During two weeks in early December, Dubinsky visited Beijing Normal University and the China University of Political Science and Law in Beijing; Hhuazong University of Science and Technology and Hubei University in Wuhan; Shandong University in Jinan, where he gave a presentation on U.S. national security law; and Northwest University of Politics and Law in Xi’an.
A growing number of students from China are expected to study law in the United States, and Wayne Law offers several master of laws degrees that could interest them, according to Dubinsky.
Partnerships have been formed by Wayne Law with Beijing Normal University and the China University of Political Science and Law as a result of Dubinsky’s visit and a trip to China in June by Wayne Law Interim Dean Jocelyn Benson.
“We signed a memorandum of understanding with Beijing Normal and held a signing ceremony,” Dubinsky said of his trip. “It’s a framework by which students will enroll in the LL.M. program at Wayne State.”
A faculty exchange also is in the works.
“The Chinese law schools that I visited are highly interested in having one or more Wayne Law faculty members teach courses there,” Dubinsky said. “It’s also very possible that some of the junior faculty there will be coming here and perhaps co-teaching courses with Wayne faculty.”
Over the summer, Dubinsky organized a program that brought groups of students from several Chinese universities to Wayne Law to spark their interest in the master of laws program.
American students at Wayne Law will benefit greatly from association with Chinese and other foreign law students and faculty members, Dubinsky said, and all will benefit by understanding more about the ever-increasing complexity of transnational legal practice.
“Wayne’s new master’s degree program in U.S. law is designed for outstanding law students from other countries,” Benson said. “This is an attractive program for students who seek to practice law in the United States, transnational law in their home countries, who may work in government ministries involved in negotiations with the United States, or who intend to work on advanced degrees and careers as scholars.”

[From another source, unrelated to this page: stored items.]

lemma expect_freq_dev_sq:
  assumes "H \<subseteq> {1..n}" "H \<noteq> {}" "i \<in> {1..N}"
  shows "expect n N q (\<lambda>x. (freq_dev H c i x)\<^sup>2) = (q i - c)\<^sup>2 + q i * (1 - q i) / real (card H)"
proof -
  define h where "h = real (card H)"
  have h: "h > 0" unfolding h_def using assms finite_subset by (auto simp: card_gt_0_iff)
  have "(\<lambda>x. (freq_dev H c i x)\<^sup>2) =
      (\<lambda>x. (1/h^2) * (real (cnt x H i))\<^sup>2 - (2*c/h) * real (cnt x H i) + c^2)"
    unfolding freq_dev_def h_def[symmetric] using h by (intro ext) (simp add: power2_eq_square field_simps)
  then have "expect n N q (\<lambda>x. (freq_dev H c i x)\<^sup>2) =
      (1/h^2) * expect n N q (\<lambda>x. (real (cnt x H i))\<^sup>2) - (2*c/h) * expect n N q (\<lambda>x. real (cnt x H i)) + c^2"
    by (simp only: expect_add expect_diff expect_cmult expect_const)
  also have "\<dots> = (1/h^2) * (h * q i + h * (h - 1) * (q i)\<^sup>2) - (2*c/h) * (h * q i) + c^2"
    using expect_cnt[OF assms(1,3), of q] expect_cnt_sq[OF assms(1,3), of q] unfolding h_def by simp
  also have "\<dots> = (q i - c)\<^sup>2 + q i * (1 - q i) / h"
    using h by (simp add: field_simps power2_eq_square)
  finally show ?thesis unfolding h_def .
qed

lemma expect_sq_dev_sum_uncorrelated:
  assumes fin: "finite J"
    and uncorr: "\<And>i j. i \<in> J \<Longrightarrow> j \<in> J \<Longrightarrow> i \<noteq> j \<Longrightarrow>
      expect n N q (\<lambda>x. X i x * X j x) = expect n N q (X i) * expect n N q (X j)"
  shows "expect n N q (\<lambda>x. ((\<Sum>i\<in>J. X i x) - (\<Sum>i\<in>J. expect n N q (X i)))\<^sup>2) =
         (\<Sum>i\<in>J. expect n N q (\<lambda>x. (X i x)\<^sup>2) - (expect n N q (X i))\<^sup>2)"
proof -
  define m where "m = (\<Sum>i\<in>J. expect n N q (X i))"
  define v where "v i = expect n N q (\<lambda>x. (X i x)\<^sup>2) - (expect n N q (X i))\<^sup>2" for i
  have row: "(\<Sum>j\<in>J. expect n N q (\<lambda>x. X i x * X j x)) = v i + expect n N q (X i) * m" if i: "i \<in> J" for i
  proof -
    have "(\<Sum>j\<in>J-{i}. expect n N q (\<lambda>x. X i x * X j x)) = (\<Sum>j\<in>J-{i}. expect n N q (X i) * expect n N q (X j))"
      using i by (intro sum.cong refl uncorr) auto
    also have "\<dots> = expect n N q (X i) * (m - expect n N q (X i))"
      unfolding m_def using i fin by (simp add: sum_distrib_left[symmetric] sum_diff1)
    finally show ?thesis
      using i fin unfolding v_def by (simp add: sum.remove power2_eq_square algebra_simps)
  qed
  have "expect n N q (\<lambda>x. (\<Sum>i\<in>J. X i x)\<^sup>2) = (\<Sum>i\<in>J. \<Sum>j\<in>J. expect n N q (\<lambda>x. X i x * X j x))"
    by (simp add: power2_eq_square sum_product expect_sum)
  also have "\<dots> = (\<Sum>i\<in>J. v i) + m * m"
    by (simp add: row sum.distrib sum_distrib_right[symmetric] m_def)
  finally have second: "expect n N q (\<lambda>x. (\<Sum>i\<in>J. X i x)\<^sup>2) = (\<Sum>i\<in>J. v i) + m * m" .
  have "(\<lambda>x. ((\<Sum>i\<in>J. X i x) - m)\<^sup>2) = (\<lambda>x. (\<Sum>i\<in>J. X i x)\<^sup>2 - 2 * m * (\<Sum>i\<in>J. X i x) + m * m)"
    by (intro ext) (simp add: power2_eq_square algebra_simps)
  then show ?thesis
    using second unfolding m_def[symmetric] v_def[symmetric]
    by (simp add: expect_add expect_diff expect_cmult expect_const expect_sum m_def)
qed
(* Let $p$ be an odd prime, $V_p=\{2^{n-1}p^m:n,m\in\mathbb{N}\}$, and let $\mathcal{E}_p$ be the set of two-element subsets $E\subseteq V_p$ with $A_E=\{2,p\}$. (1) If $p=3$, then $\mathcal{E}_3$ consists exactly of the doubletons $\{2^{a-1}3^b,2^{a-1}3^{b+1}\}$, $\{2^{a-1}3^b,2^{a-1}3^{b+2}\}$, $\{2^{a-1}3^b,2^{a}3^{b}\}$, $\{2^{a-1}3^b,2^{a+1}3^{b}\}$, $\{2^{a-1}3^{b+1},2^{a+1}3^b\}$, $\{2^{a}3^{b},2^{a-1}3^{b+1}\}$, $\{2^{a+2}3^b,2^{a-1}3^{b+2}\}$ for $a,b\in\mathbb{N}$. (2) If $p=2^m+1>3$ is a Fermat prime, then $\mathcal{E}_p=\big\{\{2^{a-1}p^b,2^{a-1}p^{b+1}\},\{2^{a-1}p^b,2^{a}p^b\},\{2^{m+a-1}p^{b},2^{a-1}p^{b+1}\}:a,b\in\mathbb{N}\big\}$. (3) If $p=2^m-1>3$ is a Mersenne prime, then $\mathcal{E}_p=\big\{\{2^{a-1}p^b,2^{a}p^b\},\{2^{a-1}p^b,2^{m+a-1}p^b\},\{2^{a-1}p^{b+1},2^{m+a-1}p^b\}:a,b\in\mathbb{N}\big\}$. (4) If $p$ is neither a Fermat prime nor a Mersenne prime, then $\mathcal{E}_p=\big\{\{2^ap^b,2^{a-1}p^b\}:a,b\in\mathbb{N}\big\}$.
   Context: $\mathbb{N}=\{1,2,\dots\}$, $\Pi$ the set of primes. For a nonempty finite $E\subseteq\mathbb{N}$, $A_E=\{q\in\Pi:\exists k\in\mathbb{N}\ (E\subseteq q\mathbb{Z}\cup(k+q\mathbb{Z}))\}$. A prime $p$ is a Fermat prime if $p=2^n+1$ for some $n\in\mathbb{N}$, and a Mersenne prime if $p=2^n-1$ for some $n\in\mathbb{N}$. *)

theory Defs
  imports "HOL-Computational_Algebra.Primes"
begin

text \<open>Positive naturals are represented by nat with explicit positivity guards.\<close>

definition A_set :: "nat set \<Rightarrow> nat set" where
  "A_set E = {q. prime q \<and> (\<exists>k::nat. k \<ge> 1 \<and>
       (\<forall>e\<in>E. q dvd e \<or> e mod q = k mod q))}"

definition fermat_prime :: "nat \<Rightarrow> bool" where
  "fermat_prime p \<longleftrightarrow> prime p \<and> (\<exists>n\<ge>1. p = 2 ^ n + 1)"

definition mersenne_prime :: "nat \<Rightarrow> bool" where
  "mersenne_prime p \<longleftrightarrow> prime p \<and> (\<exists>n\<ge>1. p = 2 ^ n - 1)"

definition V_set :: "nat \<Rightarrow> nat set" where
  "V_set p = {2 ^ (n - 1) * p ^ m | n m. n \<ge> 1 \<and> m \<ge> 1}"

definition E_fam :: "nat \<Rightarrow> nat set set" where
  "E_fam p = {E. E \<subseteq> V_set p \<and> card E = 2 \<and> A_set E = {2, p}}"

end

theory Submission
  imports Defs
begin

text \<open>
  Write the two elements of E as g u > g v with g their gcd. By the definition of A_E,
  A_E = {2, p} says exactly that u - v, and hence each of the pairwise coprime numbers
  v, u - v, u, has no prime factor besides 2 and p. Parity and divisibility by p then
  force v = 1 or u - v = 1, so E is a multiple of {n + 1, 1} or of {n + 1, n} for
  consecutive {2, p}-smooth numbers n, n + 1. The elementary cases of Catalan's equation,
  p^t + 1 = 2^k only for t = 1 and p^t = 2^k + 1 only for t = 1 or 3^2 = 2^3 + 1,
  show that these n are 1, p (when p is a Mersenne prime), p - 1 (when p is a Fermat prime)
  and 8 (when p = 3).
\<close>

section \<open>Numbers whose prime factors are 2 and p\<close>

definition two_p_smooth :: "nat \<Rightarrow> nat \<Rightarrow> bool" where
  "two_p_smooth p n \<longleftrightarrow> n \<noteq> 0 \<and> prime_factors n \<subseteq> {2, p}"

lemma two_p_smooth_iff_prime_dvd:
  "two_p_smooth p n \<longleftrightarrow> n \<noteq> 0 \<and> (\<forall>q. prime q \<longrightarrow> q dvd n \<longrightarrow> q = 2 \<or> q = p)"
  by (auto simp: two_p_smooth_def in_prime_factors_iff)

lemma two_p_smooth_mult:
  "two_p_smooth p a \<Longrightarrow> two_p_smooth p b \<Longrightarrow> two_p_smooth p (a * b)"
  by (simp add: two_p_smooth_def prime_factors_product)

lemma two_p_smooth_dvd:
  "two_p_smooth p b \<Longrightarrow> a dvd b \<Longrightarrow> two_p_smooth p a"
  unfolding two_p_smooth_def by (metis dvd_0_left dvd_prime_factors order_trans)

lemma two_p_smooth_prime_power:
  "prime q \<Longrightarrow> q = 2 \<or> q = p \<Longrightarrow> two_p_smooth p (q ^ n)"
  by (auto simp: two_p_smooth_def prime_factorization_prime_power prime_gt_0_nat)

lemma two_p_smooth_iff:
  assumes "prime p" "p \<noteq> 2"
  shows "two_p_smooth p n \<longleftrightarrow> (\<exists>s t. n = 2 ^ s * p ^ t)"
proof
  assume n: "two_p_smooth p n"
  then have "n = (\<Prod>q\<in>prime_factors n. q ^ multiplicity q n)"
    by (simp add: two_p_smooth_def prod_prime_factors)
  also have "\<dots> = (\<Prod>q\<in>{2, p}. q ^ multiplicity q n)"
    using n assms(1) by (intro prod.mono_neutral_left)
      (auto simp: two_p_smooth_def prime_factors_multiplicity)
  also have "\<dots> = 2 ^ multiplicity 2 n * p ^ multiplicity p n"
    using assms by simp
  finally show "\<exists>s t. n = 2 ^ s * p ^ t" by blast
next
  assume "\<exists>s t. n = 2 ^ s * p ^ t"
  then obtain s t where "n = 2 ^ s * p ^ t" by blast
  then show "two_p_smooth p n"
    using assms(1) by (simp add: two_p_smooth_mult two_p_smooth_prime_power)
qed

lemma two_p_smooth_odd:
  assumes "prime p" "odd p" "two_p_smooth p n" "odd n"
  obtains t where "n = p ^ t"
proof -
  have "p \<noteq> 2" using assms(2) by auto
  then obtain s t where n: "n = 2 ^ s * p ^ t"
    using two_p_smooth_iff[OF assms(1)] assms(3) by blast
  with assms(4) have "s = 0" by (cases s) auto
  with n that show thesis by simp
qed

lemma two_p_smooth_not_dvd:
  assumes "prime p" "odd p" "two_p_smooth p n" "\<not> p dvd n"
  obtains s where "n = 2 ^ s"
proof -
  have "p \<noteq> 2" using assms(2) by auto
  then obtain s t where n: "n = 2 ^ s * p ^ t"
    using two_p_smooth_iff[OF assms(1)] assms(3) by blast
  with assms(4) have "t = 0" by (cases t) auto
  with n that show thesis by simp
qed

lemma two_p_smooth_eq_one:
  assumes "prime p" "odd p" "two_p_smooth p n" "odd n" "\<not> p dvd n"
  shows "n = 1"
proof -
  obtain s where "n = 2 ^ s" using two_p_smooth_not_dvd assms(1-3,5) by blast
  with assms(4) show ?thesis by (cases s) auto
qed

section \<open>Powers of two differing from a power of an odd number by one\<close>

lemma odd_dvd_power_two:
  assumes "odd (w::nat)" "w dvd 2 ^ k"
  shows "w = 1"
proof -
  obtain i where "w = 2 ^ i"
    using assms(2) divides_primepow_nat[OF two_is_prime_nat] by blast
  with assms(1) show ?thesis by (cases i) auto
qed

lemma pred_dvd_power_pred: "x - 1 dvd x ^ n - (1::nat)"
proof (induction n)
  case (Suc n)
  show ?case
  proof (cases "x = 0")
    case False
    then have "x ^ Suc n - 1 = x * (x ^ n - 1) + (x - 1)"
      by (simp add: algebra_simps diff_mult_distrib2 Suc_le_eq)
    with Suc.IH show ?thesis by simp
  qed simp
qed simp

lemma odd_exponent_cofactors:
  assumes "0 < (x::nat)" "odd t"
  obtains w v where "odd w" "x ^ t + 1 = (x + 1) * w" "odd v" "x ^ t - 1 = (x - 1) * v"
proof -
  obtain j where t: "t = Suc (2 * j)" using assms(2) oddE by fastforce
  obtain r where x: "x = Suc r" using assms(1) gr0_implies_Suc by blast
  obtain Q where Q: "(x ^ 2) ^ j - 1 = (x ^ 2 - 1) * Q"
    using pred_dvd_power_pred by blast
  have "x ^ 2 - 1 = r * (r + 2)"
    using x by (simp add: power2_eq_square algebra_simps)
  with Q have "(x ^ 2) ^ j - 1 = r * (r + 2) * Q"
    by simp
  moreover have "0 < (x ^ 2) ^ j"
    using assms(1) by simp
  ultimately have "(x ^ 2) ^ j = 1 + r * (r + 2) * Q"
    by linarith
  moreover have "x ^ t = x * (x ^ 2) ^ j"
    using t by (simp add: power_mult)
  ultimately have "x ^ t = x * (1 + r * (r + 2) * Q)"
    by simp
  then have "x ^ t + 1 = (x + 1) * (1 + x * r * Q)" "x ^ t - 1 = (x - 1) * (1 + x * (r + 2) * Q)"
    using x by (simp_all add: algebra_simps)
  \<comment> \<open>x * r and x * (r + 2) are products of two consecutive numbers\<close>
  moreover have "odd (1 + x * r * Q)" "odd (1 + x * (r + 2) * Q)"
    using x by simp_all
  ultimately show thesis using that by blast
qed

lemma power_two_plus_two_eq_power_two:
  assumes "2 ^ u + 2 = (2::nat) ^ w"
  shows "u = 1"
proof (rule ccontr)
  assume "u \<noteq> 1"
  then consider "u = 0" | k where "u = Suc k" "0 < k" by (cases u) auto
  then show False
  proof cases
    case 1
    then have "(2::nat) ^ w = 3" using assms by simp
    then have "3 dvd (2::nat) ^ w" by simp
    then have "(3::nat) = 1" by (rule odd_dvd_power_two[rotated]) simp
    then show False by simp
  next
    case 2
    then have w: "2 ^ w = 2 * (2 ^ k + 1::nat)" using assms by simp
    have "2 ^ k + 1 dvd (2::nat) ^ w" unfolding w by (rule dvd_triv_right)
    then have "2 ^ k + 1 = (1::nat)" by (rule odd_dvd_power_two[rotated]) (use \<open>0 < k\<close> in simp)
    then show False by simp
  qed
qed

In the burgeoning field of international business law and arbitration, in particular, opportunities are blooming for students well-versed in Chinese and Western law, Dubinsky said.
He found Chinese university students very interested in the transformations taking place in the American legal system as it confronts global terrorism and in the National Security Agency’s activities exposed by former CIA employee Edward Snowden.
This subject was the focus of Dubinsky’s Dec. 5 public lecture at Shandong University.
“There are so many legal layers to the problem and the issue, and global business competition brings many dimensions to the conversation,” Dubinsky said.
Midway through a question-and-answer session after his lecture at Shandong University, he said he found himself thinking: “These students know as much about the NSA surveillance program as the students in my National Security Law seminar at Wayne.”
Part of the professor’s recent trip was coordinated with WSU’s College of Liberal Arts and Sciences and the Confucius Institute at Wayne State.
Dubinsky is vice president of the American branch of the International Law Association. He serves on the U.S. Secretary of State’s Advisory Committee on Private International Law and on the Executive Editorial Board of the American Journal of Comparative Law.
Dubinsky joined the Wayne Law faculty in 2005 after teaching at Yale Law School and Georgetown University Law Center.
He is a graduate of Yale University, Harvard Law School and the Universiteit Katholieke of Leuven, Belgium.